Rumi was a Persian poet from the 13th century, introduced to me by one of my professors at Chapman University. I want to share these poems here because the feeling I get when I read “A Thirsty Fish” or “Enough Words” is the same longing I was aiming for with the lyrics and the visual aesthetic of the clips I’ve been sharing for Where Do You Go. A sense of tragic beauty that arises when you sit in silence - the love that a romantic believes would balance out an immense loneliness. The insatiable desire that burns in the artist’s stomach that forces them to cry out into the void. Or something like that.
Hope you like these poems. They helped inspire the song. I could’ve just said that.
Poem 1
A THIRSTY FISH
I don’t get tired of you. Don’t grow weary of being compassionate toward me!

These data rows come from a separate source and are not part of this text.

lemma down_diamond:
  assumes wb: "well_behaved P" and j: "Suc j < length y" "y ! Suc j < y ! j"
    and ck: "contractible P y k"
  shows "\<exists>w. (rewrite_step P)\<^sup>*\<^sup>* (swap_adj y j) w \<and> lower_cover\<^sup>*\<^sup>* w (swap_adj y k) \<and>
    (contractible P y j \<longrightarrow> (rewrite_step P)\<^sup>*\<^sup>* (swap_adj y k) w)"
proof -
  note k = contractible_descent[OF wb ck]
  consider "k = j" | "Suc k < j \<or> Suc j < k" | "k = Suc j" | "j = Suc k" by linarith
  then show ?thesis
  proof cases
    case 1
    then show ?thesis by blast
  next
    case 2
    let ?w = "swap_adj (swap_adj y j) k"
    have w: "?w = swap_adj (swap_adj y k) j" using 2 by (intro swap_adj_commute[OF j(1) k(1)]) auto
    have "rewrite_step P (swap_adj y j) ?w"
      using rewrite_stepI contractible_swap_adj_far[OF wb ck j(1)] 2 by blast
    moreover have "lower_cover ?w (swap_adj y k)"
      unfolding w using 2 j k by (intro lower_coverI) (auto simp: nth_swap_adj)
    moreover have "rewrite_step P (swap_adj y k) ?w" if "contractible P y j"
      unfolding w using rewrite_stepI contractible_swap_adj_far[OF wb that k(1)] 2 by blast
    ultimately show ?thesis by blast
  next
    case 3
    have l: "Suc (Suc j) < length y" and d: "y ! Suc (Suc j) < y ! Suc j" using k 3 by simp_all
    show ?thesis
      using rewrite_descending_triple[OF wb l j(2) d] rev3_below_swaps[OF l j(2) d] ck 3 by blast
  next
    case 4
    have l: "Suc (Suc k) < length y" and d: "y ! Suc (Suc k) < y ! Suc k" using j 4 by simp_all
    show ?thesis
      using rewrite_descending_triple[OF wb l k(2) d] rev3_below_swaps[OF l k(2) d] ck 4 by blast
  qed
qed

lemma up_diamond:
  assumes wb: "well_behaved P" and j: "Suc j < length y" "y ! j < y ! Suc j"
    and ck: "contractible P (swap_adj y k) k"
  shows "\<exists>w. (rewrite_step P)\<^sup>*\<^sup>* w (swap_adj y j) \<and> lower_cover\<^sup>*\<^sup>* (swap_adj y k) w \<and>
    (contractible P (swap_adj y j) j \<longrightarrow> (rewrite_step P)\<^sup>*\<^sup>* w (swap_adj y k))"
proof -
  have k: "Suc k < length y" "y ! k < y ! Suc k"
    using contractible_descent[OF wb ck] by (auto simp: nth_swap_adj)
  consider "k = j" | "Suc k < j \<or> Suc j < k" | "k = Suc j" | "j = Suc k" by linarith
  then show ?thesis
  proof cases
    case 1
    then show ?thesis by blast
  next
    case 2
    let ?w = "swap_adj (swap_adj y j) k"
    have w: "?w = swap_adj (swap_adj y k) j" using 2 by (intro swap_adj_commute[OF j(1) k(1)]) auto
    have "contractible P ?w k"
      unfolding w using contractible_swap_adj_far[OF wb ck] j(1) 2 by auto
    then have "rewrite_step P ?w (swap_adj y j)" using rewrite_stepI[of P ?w k] k(1) by simp
    moreover have "lower_cover (swap_adj y k) ?w"
      using lower_coverI[of j ?w] w 2 j k by (auto simp: nth_swap_adj)
    moreover have "rewrite_step P ?w (swap_adj y k)" if "contractible P (swap_adj y j) j"
      using rewrite_stepI[of P ?w j] contractible_swap_adj_far[OF wb that, of k] w j(1) k(1) 2 by auto
    ultimately show ?thesis by blast
  next
    case 3
    have l: "Suc (Suc j) < length y" and a: "y ! Suc j < y ! Suc (Suc j)" using k 3 by simp_all
    show ?thesis
      using rewrite_ascending_triple[OF wb l j(2) a] rev3_above_swaps[OF l j(2) a] ck 3 by blast
  next
    case 4
    have l: "Suc (Suc k) < length y" and a: "y ! Suc k < y ! Suc (Suc k)" using j 4 by simp_all
    show ?thesis
      using rewrite_ascending_triple[OF wb l k(2) a] rev3_above_swaps[OF l k(2) a] ck 4 by blast
  qed
qed

section \<open>Bottom and top projections\<close>

lemma rewrite_step_Sn_iff: "well_behaved P \<Longrightarrow> rewrite_step P p q \<Longrightarrow> p \<in> Sn n \<longleftrightarrow> q \<in> Sn n"
  using rewrite_step_lower_cover lower_cover_Sn_iff by blast

lemma rewrite_step_into:
  assumes "well_behaved P" and "rewrite_step P q p"
  shows "\<exists>k. Suc k < length p \<and> q = swap_adj p k \<and> contractible P (swap_adj p k) k"
proof -
  obtain k where c: "contractible P q k" and p: "p = swap_adj q k"
    using assms(2) rewrite_step_iff by blast
  have "Suc k < length q" using contractible_descent[OF assms(1) c] by simp
  then show ?thesis using c p by auto
qed

lemma down_local_confluence:
  assumes wb: "well_behaved P" and "rewrite_step P x y" "rewrite_step P x z"
  shows "\<exists>u. (rewrite_step P)\<^sup>*\<^sup>* y u \<and> (rewrite_step P)\<^sup>*\<^sup>* z u"
proof -
  obtain j k where cj: "contractible P x j" "y = swap_adj x j" and ck: "contractible P x k" "z = swap_adj x k"
    using assms rewrite_step_iff by blast
  show ?thesis using down_diamond[OF wb contractible_descent[OF wb cj(1)] ck(1)] cj ck by blast
qed

lemma down_cover_step:
  assumes wb: "well_behaved P" and y: "y \<in> Sn n" and "lower_cover y' y" "rewrite_step P y z"
  shows "\<exists>w. (rewrite_step P)\<^sup>*\<^sup>* y' w \<and> weak_le w z"
proof -
  obtain j where j: "Suc j < length y" "y ! Suc j < y ! j" "y' = swap_adj y j"
    using assms(3) unfolding lower_cover_def by blast
  obtain k where ck: "contractible P y k" "z = swap_adj y k"
    using assms(4) rewrite_step_iff by blast
  have "z \<in> Sn n" using y assms(4) rewrite_step_Sn_iff[OF wb] by blast
  then show ?thesis
    using down_diamond[OF wb j(1,2) ck(1)] rtranclp_lower_cover_weak_le j(3) ck(2) by blast
qed

lemma up_local_confluence:
  assumes wb: "well_behaved P" and "rewrite_step P y x" "rewrite_step P z x"
  shows "\<exists>u. (rewrite_step P)\<^sup>*\<^sup>* u y \<and> (rewrite_step P)\<^sup>*\<^sup>* u z"
proof -
  obtain j where j: "Suc j < length x" "y = swap_adj x j" "contractible P (swap_adj x j) j"
    using rewrite_step_into[OF wb assms(2)] by blast
  obtain k where k: "z = swap_adj x k" "contractible P (swap_adj x k) k"
    using rewrite_step_into[OF wb assms(3)] by blast
  have "x ! j < x ! Suc j" using contractible_descent[OF wb j(3)] j(1) by (simp add: nth_swap_adj)
  then show ?thesis using up_diamond[OF wb j(1) _ k(2)] j k by blast
qed

lemma up_cover_step:
  assumes wb: "well_behaved P" and y: "y \<in> Sn n" and "lower_cover y y'" "rewrite_step P z y"
  shows "\<exists>w. (rewrite_step P)\<^sup>*\<^sup>* w y' \<and> weak_le z w"
proof -
  obtain j where j: "Suc j < length y'" "y' ! Suc j < y' ! j" "y = swap_adj y' j"
    using assms(3) unfolding lower_cover_def by blast
  then have y': "y' = swap_adj y j" "Suc j < length y" "y ! j < y ! Suc j" by (auto simp: nth_swap_adj)
  obtain k where k: "z = swap_adj y k" "contractible P (swap_adj y k) k"
    using rewrite_step_into[OF wb assms(4)] by blast
  obtain w where w: "(rewrite_step P)\<^sup>*\<^sup>* w y'" "lower_cover\<^sup>*\<^sup>* z w"
    using up_diamond[OF wb y'(2,3) k(2)] y'(1) k(1) by blast
  have "z \<in> Sn n" using y assms(4) rewrite_step_Sn_iff[OF wb] by blast
  then have "w \<in> Sn n" using w(2) rtranclp_lower_cover_Sn_iff by blast
  then show ?thesis using w rtranclp_lower_cover_weak_le by blast
qed

lemma down_system:
  assumes wb: "well_behaved P"
  shows "monotone_terminating_wcr (Sn n) (rewrite_step P) (\<lambda>p. card (inversions p)) weak_le lower_cover"
proof unfold_locales
  fix x y z y'
  show "rewrite_step P x y \<Longrightarrow> x \<in> Sn n \<longleftrightarrow> y \<in> Sn n" using rewrite_step_Sn_iff[OF wb] .
  show "x \<in> Sn n \<Longrightarrow> rewrite_step P x y \<Longrightarrow> card (inversions y) < card (inversions x)"
    using psubset_card_mono[OF finite_inversions lower_cover_psubset[OF _ rewrite_step_lower_cover[OF wb]]]
    by blast
  show "rewrite_step P x y \<Longrightarrow> rewrite_step P x z \<Longrightarrow> \<exists>u. (rewrite_step P)\<^sup>*\<^sup>* y u \<and> (rewrite_step P)\<^sup>*\<^sup>* z u"
    using down_local_confluence[OF wb] by blast
  show "weak_le x x" "weak_le x y \<Longrightarrow> weak_le y z \<Longrightarrow> weak_le x z" unfolding weak_le_def by auto
  show "x \<in> Sn n \<Longrightarrow> y \<in> Sn n \<Longrightarrow> weak_le x y \<Longrightarrow> weak_le y x \<Longrightarrow> x = y"
    unfolding weak_le_def using inversions_inject by blast
  show "x \<in> Sn n \<Longrightarrow> rewrite_step P x y \<Longrightarrow> weak_le y x"
    unfolding weak_le_def using rewrite_step_lower_cover[OF wb] lower_cover_psubset by blast
  show "y \<in> Sn n \<Longrightarrow> lower_cover y' y \<Longrightarrow> y' \<in> Sn n \<and> card (inversions y') < card (inversions y) \<and> weak_le y' y"
    unfolding weak_le_def using lower_cover_Sn_iff lower_cover_psubset[of y n y']
      psubset_card_mono[OF finite_inversions lower_cover_psubset[of y n y']] by blast
  show "x \<in> Sn n \<Longrightarrow> y \<in> Sn n \<Longrightarrow> weak_le x y \<Longrightarrow> x \<noteq> y \<Longrightarrow> \<exists>y'. lower_cover y' y \<and> weak_le x y'"
  proof -
    assume "x \<in> Sn n" "y \<in> Sn n" "weak_le x y" "x \<noteq> y"
    then obtain j where j: "Suc j < length y" "y ! Suc j < y ! j" "(y ! j, y ! Suc j) \<notin> inversions x"
      using descent_outside_inversions unfolding weak_le_def by blast
    then have "inversions x \<subseteq> inversions (swap_adj y j)"
      using \<open>weak_le x y\<close> \<open>y \<in> Sn n\<close> inversions_swap_descent unfolding weak_le_def Sn_def by blast
    then show ?thesis using lower_coverI[OF j(1,2)] unfolding weak_le_def by blast
  qed
  show "y \<in> Sn n \<Longrightarrow> lower_cover y' y \<Longrightarrow> rewrite_step P y z \<Longrightarrow> \<exists>w. (rewrite_step P)\<^sup>*\<^sup>* y' w \<and> weak_le w z"
    using down_cover_step[OF wb] by blast
qed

All this thirst equipment must surely be tired of me, the water jar, the water carrier.
I have a thirsty fish in me that can never find enough of what it’s thirsty for!
Show me the way to the ocean! Break these half-measures, these small containers.
All this fantasy and grief.
Let my house be drowned in the wave that rose last night in the courtyard hidden in the center of my chest.
Joseph fell like the moon into my well. The harvest I expected was washed away. But no matter.
A fire has risen above my tombstone hat. I don’t want learning, or dignity, or respectability.
I want this music and this dawn and the warmth of your cheek against mine.
The grief-armies assemble, but I’m not going with them.
This is how it always is when I finish a poem.
A great silence comes over me, and I wonder why I ever thought to use language.
Poem 2
ENOUGH WORDS
How does a part of the world leave the world? How can wetness leave water?
Don’t try to put out a fire by throwing on more fire! Don’t wash a wound with blood!
No matter how fast you run, your shadow more than keeps up. Sometimes, it’s in front!
Only full, overhead sun diminishes your shadow.
But that shadow has been serving you! What hurts you, blesses you. Darkness is your candle. Your boundaries are your quest.
I can explain this, but it would break the glass cover on your heart, and there’s no fixing that.
You must have shadow and light source both. Listen, and lay your head under the tree of awe. When from that tree, feathers and wings sprout on you, be quieter than a dove. Don’t open your mouth for even a cooooooo.
When a frog slips into the water, the snake cannot get it. Then the frog climbs back out and croaks, and the snake moves toward him again.
Even if the frog learned to hiss, still the snake would hear through the hiss the information he needed, the frog voice underneath.
But if the frog could be completely silent, then the snake would go back to sleeping, and the frog could reach the barley.
The soul lives there in that silent breath.
And that grain of barley is such that, when you put it in the ground, it grows.
Are these enough words, or shall I squeeze more juice from this? Who am I, my friend?